lemma gen_c_has_right_derivative: "(gen_c has_real_derivative c_right_deriv x) (at x within {x..})"
proof -
  consider "x < 0" | "0 \<le> x" "x < 1" | "1 \<le> x"
    by linarith
  then show ?thesis
  proof cases
    case 1
    show ?thesis
      by (rule has_real_derivative_at_within_Ici_transform[of "\<lambda>t. t" _ _ "- x"])
        (use 1 in \<open>auto intro!: derivative_eq_intros simp: c_right_deriv_def gen_c_pieces\<close>)
  next
    case 2
    show ?thesis
      by (rule has_real_derivative_at_within_Ici_transform[of "\<lambda>t. 2*t / (t + 1)" _ _ "1 - x"])
        (use 2 in \<open>auto intro!: derivative_eq_intros simp: c_right_deriv_def gen_c_pieces field_simps power2_eq_square\<close>)
  next
    case 3
    show ?thesis
      by (rule has_real_derivative_at_within_Ici_transform[of "\<lambda>t. t" _ _ 1])
        (use 3 in \<open>auto intro!: derivative_eq_intros simp: c_right_deriv_def gen_c_pieces\<close>)
  qed
qed

lemma gen_c_has_left_derivative: "(gen_c has_real_derivative c_left_deriv x) (at x within {..x})"
proof -
  consider "x \<le> 0" | "0 < x" "x \<le> 1" | "1 < x"
    by linarith
  then show ?thesis
  proof cases
    case 1
    show ?thesis
      by (rule has_real_derivative_at_within_Iic_transform[of "\<lambda>t. t" _ _ 1])
        (use 1 in \<open>auto intro!: derivative_eq_intros simp: c_left_deriv_def gen_c_pieces\<close>)
  next
    case 2
    show ?thesis
      by (rule has_real_derivative_at_within_Iic_transform[of "\<lambda>t. 2*t / (t + 1)" _ _ x])
        (use 2 in \<open>auto intro!: derivative_eq_intros simp: c_left_deriv_def gen_c_pieces field_simps power2_eq_square\<close>)
  next
    case 3
    show ?thesis
      by (rule has_real_derivative_at_within_Iic_transform[of "\<lambda>t. t" _ _ "x - 1"])
        (use 3 in \<open>auto intro!: derivative_eq_intros simp: c_left_deriv_def gen_c_pieces\<close>)
  qed
qed

lemma mono_gen_c: "mono gen_c"
proof -
  have pieces: "mono_on {..0} gen_c" "mono_on {0..1} gen_c" "mono_on {1..} gen_c"
    by (auto intro!: mono_onI simp: gen_c_pieces divide_simps algebra_simps)
  have "mono_on ({0..1} \<union> {1..}) gen_c"
    by (rule mono_on_glue[where c=1]) (use pieces in auto)
  then have "mono_on ({..0} \<union> ({0..1} \<union> {1..})) gen_c"
    by (rule mono_on_glue[where c=0, OF pieces(1)]) auto
  moreover have "{..0} \<union> ({0..1} \<union> {1..}) = (UNIV :: real set)"
    by auto
  ultimately show ?thesis
    by simp
qed

lemma bij_gen_c: "bij gen_c"
proof (rule bij_betw_byWitness)
  define g :: "real \<Rightarrow> real" where
    "g t = (if 0 \<le> t \<and> t \<le> 1 then t / (2 - t) else t)" for t
  show "\<forall>x\<in>UNIV. g (gen_c x) = x"
  proof
    fix x :: real
    consider "x < 0" | "0 \<le> x" "x \<le> 1" | "1 < x"
      by linarith
    then show "g (gen_c x) = x"
      by cases (auto simp: g_def gen_c_pieces divide_simps)
  qed
  show "\<forall>y\<in>UNIV. gen_c (g y) = y"
  proof
    fix y :: real
    consider "y < 0" | "0 \<le> y" "y \<le> 1" | "1 < y"
      by linarith
    then show "gen_c (g y) = y"
      by cases (auto simp: g_def gen_c_pieces divide_simps)
  qed
qed auto

lemma tame_gen_c:
  "tame gen_c" "log_jump_sum gen_c = 2 * ln 2"
  "translation_length at_top gen_c = 0" "translation_length at_bot gen_c = 0"
proof -
  have top: "\<forall>\<^sub>F x in at_top. gen_c x = x + 0"
    by (rule eventually_at_top_linorderI[of 1]) (simp add: gen_c_pieces)
  have bot: "\<forall>\<^sub>F x in at_bot. gen_c x = x + 0"
    by (rule eventually_at_bot_linorderI[of 0]) (simp add: gen_c_pieces)
  have pos: "c_right_deriv x > 0" "c_left_deriv x > 0" for x
    by (simp_all add: c_right_deriv_def c_left_deriv_def)
  have agree: "x \<notin> {0, 1} \<Longrightarrow> c_right_deriv x = c_left_deriv x" for x
    by (cases "x < 0"; cases "x < 1") (auto simp: c_right_deriv_def c_left_deriv_def)
  note c = tame_from_one_sided_derivatives[where B="{0, 1}", OF mono_gen_c bij_gen_c gen_c_has_right_derivative pos(1)
      gen_c_has_left_derivative pos(2) _ agree top bot]
  then show "tame gen_c" "translation_length at_top gen_c = 0" "translation_length at_bot gen_c = 0"
    by simp_all
  show "log_jump_sum gen_c = 2 * ln 2"
    using c(2) by (simp add: c_right_deriv_def c_left_deriv_def ln_div)
qed

section \<open>Kernels of homomorphisms onto abelian groups\<close>

lemma (in group_hom) derived_subset_kernel:
  assumes "comm_group H"
  shows "derived G (carrier G) \<subseteq> kernel G H h"
proof -
  have "h ` derived G (carrier G) = derived H (h ` carrier G)"
    by (simp add: derived_img)
  also have "\<dots> = {\<one>\<^bsub>H\<^esub>}"
    by (rule comm_group.derived_eq_singleton[OF assms]) auto
  finally show ?thesis
    using G.derived_in_carrier[of "carrier G"] by (auto simp: kernel_def)
qed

--------

> **WHAT IS EXPECTED**: Could you reproduce every entry above exactly as written?

> **RESPONSE TO THE EXERCISE**:
lemma gen_c_has_right_derivative: "(gen_c has_real_derivative c_right_deriv x) (at x within {x..})"
proof -
  consider "x < 0" | "0 \<le> x" "x < 1" | "1 \<le> x"
    by linarith
  then show ?thesis
  proof cases
    case 1
    show ?thesis
      by (rule has_real_derivative_at_within_Ici_transform[of "\<lambda>t. t" _ _ "- x"])
        (use 1 in \<open>auto intro!: derivative_eq_intros simp: c_right_deriv_def gen_c_pieces\<close>)
  next
    case 2
    show ?thesis
      by (rule has_real_derivative_at_within_Ici_transform[of "\<lambda>t. 2*t / (t + 1)" _ _ "1 - x"])
        (use 2 in \<open>auto intro!: derivative_eq_intros simp: c_right_deriv_def gen_c_pieces field_simps power2_eq_square\<close>)
  next
    case 3
    show ?thesis
      by (rule has_real_derivative_at_within_Ici_transform[of "\<lambda>t. t" _ _ 1])
        (use 3 in \<open>auto intro!: derivative_eq_intros simp: c_right_deriv_def gen_c_pieces\<close>)
  qed
qed

lemma gen_c_has_left_derivative: "(gen_c has_real_derivative c_left_deriv x) (at x within {..x})"
proof -
  consider "x \<le> 0" | "0 < x" "x \<le> 1" | "1 < x"
    by linarith
  then show ?thesis
  proof cases
    case 1
    show ?thesis
      by (rule has_real_derivative_at_within_Iic_transform[of "\<lambda>t. t" _ _ 1])
        (use 1 in \<open>auto intro!: derivative_eq_intros simp: c_left_deriv_def gen_c_pieces\<close>)
  next
    case 2
    show ?thesis
      by (rule has_real_derivative_at_within_Iic_transform[of "\<lambda>t. 2*t / (t + 1)" _ _ x])
        (use 2 in \<open>auto intro!: derivative_eq_intros simp: c_left_deriv_def gen_c_pieces field_simps power2_eq_square\<close>)
  next
    case 3
    show ?thesis
      by (rule has_real_derivative_at_within_Iic_transform[of "\<lambda>t. t" _ _ "x - 1"])
        (use 3 in \<open>auto intro!: derivative_eq_intros simp: c_left_deriv_def gen_c_pieces\<close>)
  qed
qed

lemma mono_gen_c: "mono gen_c"
proof -
  have pieces: "mono_on {..0} gen_c" "mono_on {0..1} gen_c" "mono_on {1..} gen_c"
    by (auto intro!: mono_onI simp: gen_c_pieces divide_simps algebra_simps)
  have "mono_on ({0..1} \<union> {1..}) gen_c"
    by (rule mono_on_glue[where c=1]) (use pieces in auto)
  then have "mono_on ({..0} \<union> ({0..1} \<union> {1..})) gen_c"
    by (rule mono_on_glue[where c=0, OF pieces(1)]) auto
  moreover have "{..0} \<union> ({0..1} \<union> {1..}) = (UNIV :: real set)"
    by auto
  ultimately show ?thesis
    by simp
qed

lemma bij_gen_c: "bij gen_c"
proof (rule bij_betw_byWitness)
  define g :: "real \<Rightarrow> real" where
    "g t = (if 0 \<le> t \<and> t \<le> 1 then t / (2 - t) else t)" for t
  show "\<forall>x\<in>UNIV. g (gen_c x) = x"
  proof
    fix x :: real
    consider "x < 0" | "0 \<le> x" "x \<le> 1" | "1 < x"
      by linarith
    then show "g (gen_c x) = x"
      by cases (auto simp: g_def gen_c_pieces divide_simps)
  qed
  show "\<forall>y\<in>UNIV. gen_c (g y) = y"
  proof
    fix y :: real
    consider "y < 0" | "0 \<le> y" "y \<le> 1" | "1 < y"
      by linarith
    then show "gen_c (g y) = y"
      by cases (auto simp: g_def gen_c_pieces divide_simps)
  qed
qed auto

lemma tame_gen_c:
  "tame gen_c" "log_jump_sum gen_c = 2 * ln 2"
  "translation_length at_top gen_c = 0" "translation_length at_bot gen_c = 0"
proof -
  have top: "\<forall>\<^sub>F x in at_top. gen_c x = x + 0"
    by (rule eventually_at_top_linorderI[of 1]) (simp add: gen_c_pieces)
  have bot: "\<forall>\<^sub>F x in at_bot. gen_c x = x + 0"
    by (rule eventually_at_bot_linorderI[of 0]) (simp add: gen_c_pieces)
  have pos: "c_right_deriv x > 0" "c_left_deriv x > 0" for x
    by (simp_all add: c_right_deriv_def c_left_deriv_def)
  have agree: "x \<notin> {0, 1} \<Longrightarrow> c_right_deriv x = c_left_deriv x" for x
    by (cases "x < 0"; cases "x < 1") (auto simp: c_right_deriv_def c_left_deriv_def)
  note c = tame_from_one_sided_derivatives[where B="{0, 1}", OF mono_gen_c bij_gen_c gen_c_has_right_derivative pos(1)
      gen_c_has_left_derivative pos(2) _ agree top bot]
  then show "tame gen_c" "translation_length at_top gen_c = 0" "translation_length at_bot gen_c = 0"
    by simp_all
  show "log_jump_sum gen_c = 2 * ln 2"
    using c(2) by (simp add: c_right_deriv_def c_left_deriv_def ln_div)
qed

section \<open>Kernels of homomorphisms onto abelian groups\<close>

lemma (in group_hom) derived_subset_kernel:
  assumes "comm_group H"
  shows "derived G (carrier G) \<subseteq> kernel G H h"
proof -
  have "h ` derived G (carrier G) = derived H (h ` carrier G)"
    by (simp add: derived_img)
  also have "\<dots> = {\<one>\<^bsub>H\<^esub>}"
    by (rule comm_group.derived_eq_singleton[OF assms]) auto
  finally show ?thesis
    using G.derived_in_carrier[of "carrier G"] by (auto simp: kernel_def)
qed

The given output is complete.